Katherine made the children's lunches – slices of bread spread with jam or dripping, broken biscuits, half an apple – and placed them in brown paper bags on the kitchen table. She set the table for breakfast, left out bread, jam, dripping, then climbed the stairs to bed.

She lay awake listening to Edie sleep beside her, listening to her own heartbeat, to the hours as they drained slowly from her. She woke head thick, limbs heavy, every movement as if through water. Some mornings she rose and made the children porridge and sprinkled it with sugar; some mornings the children came up to her bed and kissed her before they left for school.

Sometimes she did not rise till early afternoon, when she forced herself out of bed and down Adelaide Road.
If she could bring herself to
, she'd look for work. Other times she looked in shop windows, coveting the things she could not afford. She might go into Paterson's for day-old bread. Not that she liked Mrs Paterson especially – the old biddy seemed to like Donald more than seemed decent – but she was well meaning enough and at least she was someone to talk to.

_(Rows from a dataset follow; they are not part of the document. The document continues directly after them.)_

(* Let $\rho_{ABC}\in M_2(\mathbb{C})\otimes M_2(\mathbb{C})\otimes M_2(\mathbb{C})$ be a three-qubit state with $\mathrm{rank}(\rho_{ABC})=3$. Let $\{P_{a|0}\}_{a=0}^1,\{P_{a|1}\}_{a=0}^1$ be two nontrivial projective measurements on subsystem $A$ and $\{Q_{b|0}\}_{b=0}^1,\{Q_{b|1}\}_{b=0}^1$ two nontrivial projective measurements on subsystem $B$ that are different up to relabeling. Define $\sigma_{ab|xy}=\mathrm{Tr}_{AB}\big((P_{a|x}\otimes Q_{b|y}\otimes\mathbb{1})\rho_{ABC}\big)$ for $a,b,x,y\in\{0,1\}$. Then neither of the following two rank patterns can occur: (1) $\mathrm{rank}(\sigma_{ab|00})=1$ and $\mathrm{rank}(\sigma_{ab|11})=1$ for all $a,b$, while $\mathrm{rank}(\sigma_{ab|01})=\mathrm{rank}(\sigma_{ab|10})=2$ for all $a,b$; (2) for all $a,y\in\{0,1\}$: $\mathrm{rank}(\sigma_{a0|0y})=1$, $\mathrm{rank}(\sigma_{a1|0y})=2$, $\mathrm{rank}(\sigma_{a0|1y})=2$ and $\mathrm{rank}(\sigma_{a1|1y})=1$.
   Context: A nontrivial projective measurement on $\mathbb{C}^2$ is a pair $\{P_0,P_1\}$ of rank-one orthogonal projections with $P_0+P_1=\mathbb{1}$. Two such measurements $\{Q_{b|0}\}_{b=0}^1,\{Q_{b|1}\}_{b=0}^1$ are "different up to relabeling" if $Q_{0|0}\ne Q_{0|1}$ and $Q_{0|0}\ne Q_{1|1}$. *)

theory Defs
  imports "HOL-Analysis.Analysis"
begin

text \<open>Qubit Hilbert space C^2 is indexed by the two-element type 2; the three-qubit
 space C^2 (x) C^2 (x) C^2 is indexed by 2 \<times> 2 \<times> 2 (first component = A, second = B,
 third = C).\<close>

definition cadj :: "complex^'n^'m \<Rightarrow> complex^'m^'n" where
  "cadj A = (\<chi> i j. cnj (A $ j $ i))"

definition orth_proj :: "complex^'n^'n \<Rightarrow> bool" where
  "orth_proj P \<longleftrightarrow> P ** P = P \<and> cadj P = P"

definition rank_one_proj :: "complex^'n^'n \<Rightarrow> bool" where
  "rank_one_proj P \<longleftrightarrow> orth_proj P \<and> rank P = 1"

definition nontrivial_pm :: "complex^2^2 \<Rightarrow> complex^2^2 \<Rightarrow> bool" where
  "nontrivial_pm P0 P1 \<longleftrightarrow> rank_one_proj P0 \<and> rank_one_proj P1 \<and> P0 + P1 = mat 1"

definition psd :: "complex^'n^'n \<Rightarrow> bool" where
  "psd A \<longleftrightarrow> (\<forall>v::complex^'n. \<exists>r::real. r \<ge> 0 \<and>
      (\<Sum>i\<in>UNIV. \<Sum>j\<in>UNIV. cnj (v $ i) * A $ i $ j * v $ j) = complex_of_real r)"

definition density_op :: "complex^'n^'n \<Rightarrow> bool" where
  "density_op \<rho> \<longleftrightarrow> psd \<rho> \<and> trace \<rho> = 1"

definition tensor_PQ1 :: "complex^2^2 \<Rightarrow> complex^2^2 \<Rightarrow> complex^(2\<times>2\<times>2)^(2\<times>2\<times>2)" where
  "tensor_PQ1 P Q = (\<chi> u v. P $ fst u $ fst v * Q $ fst (snd u) $ fst (snd v) *
                        (if snd (snd u) = snd (snd v) then 1 else 0))"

Katherine'd had a few good friends at school. But she'd lost touch with Matilda Mulroney when her family moved to Melbourne. Then there was Minnie Ferguson, but she'd married a farmer and moved to the Waikato. At Gilbys, Katherine studied stenography, typing and book-keeping with Felicity Baker, and they'd certainly had fun together, but Felicity had married an accountant and moved to Wanganui.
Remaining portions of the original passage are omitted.